Bijzondere bijstand voor vrijwillig budgetbeheer wordt verleend gedurende maximaal één jaar. Eventuele verlenging na een jaar is slechts mogelijk na een schriftelijke verantwoording door de budgetbeheerder over de gang van zaken in het voorgaande jaar, waarbij moet worden toegelicht waarom belanghebbende na een jaar nog niet in staat is om zelfstandig zijn financiën te beheren.

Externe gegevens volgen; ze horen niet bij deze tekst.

(* Let $\epsilon\in\{1,-1\}$. Let $X,Y,Z\in\mathbb{Z}[i]$ satisfy $X^2+Y^2=\epsilon iZ^2$, $\gcd(X,Y,Z)\in U$, $XYZ\neq0$, where $X,Y\in O^I$ and $Z=(1+i)W$ with $W\in O^I$. Then there exist an integer $t$, $0\le t\le 3$, and $P,Q\in G$, both not divisible by $1+i$, with $\gcd(P,Q)=1$, such that $$X=i^{t+1}\frac{P^2+\epsilon(-1)^t iQ^2}{1+i},\quad Y=i^t\frac{P^2-\epsilon(-1)^t iQ^2}{1+i},\quad Z=(1+i)PQ.$$
   Context: $\mathbb{Z}[i]$ is the ring of Gaussian integers, $U=\{1,-1,i,-i\}$ its unit group; $R(\alpha),I(\alpha)$ are real and imaginary parts. $\gcd(\cdot)\in U$ means no common non-unit divisor; for $P,Q\in G$, $\gcd(P,Q)=1$ means no common prime factor. $O=\{\alpha: R(\alpha)+I(\alpha)\equiv1\pmod 2\}$, $O^I=\{\alpha\in O: R(\alpha)\equiv 1\pmod 4\}$. $G$ is the set of Gaussian integers $(1+i)^{a_1}p_2^{a_2}\cdots p_m^{a_m}$ with integers $a_j\ge0$ and $p_j$ distinct Gaussian primes in $O^I$. *)

theory Defs
  imports Complex_Main
begin

definition gauss :: "complex \<Rightarrow> bool" where
  "gauss z \<longleftrightarrow> (\<exists>a b :: int. z = Complex (of_int a) (of_int b))"

definition gdvd :: "complex \<Rightarrow> complex \<Rightarrow> bool" (infix "gdvd" 50) where
  "a gdvd b \<longleftrightarrow> (\<exists>c. gauss c \<and> b = a * c)"

definition gunit :: "complex \<Rightarrow> bool" where
  "gunit u \<longleftrightarrow> u \<in> {1, -1, \<i>, -\<i>}"

definition gprime :: "complex \<Rightarrow> bool" where
  "gprime p \<longleftrightarrow> gauss p \<and> p \<noteq> 0 \<and> \<not> gunit p \<and>
     (\<forall>a b. gauss a \<longrightarrow> gauss b \<longrightarrow> p = a * b \<longrightarrow> gunit a \<or> gunit b)"

definition in_O :: "complex \<Rightarrow> bool" where
  "in_O z \<longleftrightarrow> (\<exists>a b :: int. z = Complex (of_int a) (of_int b) \<and> odd (a + b))"

definition in_OI :: "complex \<Rightarrow> bool" where
  "in_OI z \<longleftrightarrow> (\<exists>a b :: int. z = Complex (of_int a) (of_int b) \<and> odd (a + b) \<and> a mod 4 = 1)"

Artikel 14. Categoriale bijzondere bijstand voor chronisch zieken, gehandicapten en ouderen.
- 1.
Aan de persoon die behoort tot een of meer van de volgende doelgroepen kan op aanvraag een bijdrage verstrekt worden ter financiering van extra kosten in verband met ziekte, handicap of ouderdom:
- a.
personen die de pensioengerechtigde leeftijd hebben bereikt;
- b.
personen die langdurige thuiszorg en/of maaltijdvoorziening ontvangen (langer dan 1 jaar);
- c.
personen die een voorziening op grond van de Wet maatschappelijke ondersteuning voor wonen, vervoer of huishoudelijke verzorging of een rolstoel ontvangen;
- d.
personen die in het bezit zijn van een gehandicaptenparkeerkaart;
- e.
personen die voor 80-100% arbeidsongeschikt zijn verklaard;
- f.
personen die leiden aan o.a. cara, cystic fibrosis, chronische artritis, diabetes mellitus, hartafwijkingen, hemofilie, kanker, ziekte van Parkinson en multiple sclerose.
- 2.
De aanvrager dient te beschikken over een zelfstandige woonruimte en een zelfstandige huishouding te voeren.
- 3.
De in artikel 14 lid 1 genoemde categorieën komen slechts voor verlening van een bijdrage in aanmerking, indien op datum van de aanvraag:
- a.
het inkomen niet meer bedraagt dan 110% van de van toepassing zijnde bijstandsnorm, inclusief toeslagen en verlagingen conform de gemeentelijke Toeslagenverordening;
- b.
het vermogen niet meer bedraagt dan de vermogensgrens genoemd in artikel 34 van de Wet werk en bijstand.
- 4.
De hoogte van de vergoeding bedraagt € 150,- per persoon per kalenderjaar.
Artikel 15. Collectieve zorgverzekering
- 1.
Het college stelt een collectieve zorgverzekering beschikbaar aan belanghebbenden met een inkomen dat niet meer bedraagt dan 110% van de van toepassing zijnde bijstandsnorm, inclusief toeslagen en verlagingen conform de gemeentelijke Toeslagenverordening.
- 2.
Deelname aan de collectieve zorgverzekering is slechts mogelijk vanaf 1 januari van elk kalenderjaar.
- 3.
De polisvoorwaarden van de collectieve zorgverzekering en de eventuele bijdrage aan de kosten die door het college wordt verleend, worden jaarlijks bekend gemaakt via de gemeentelijke website.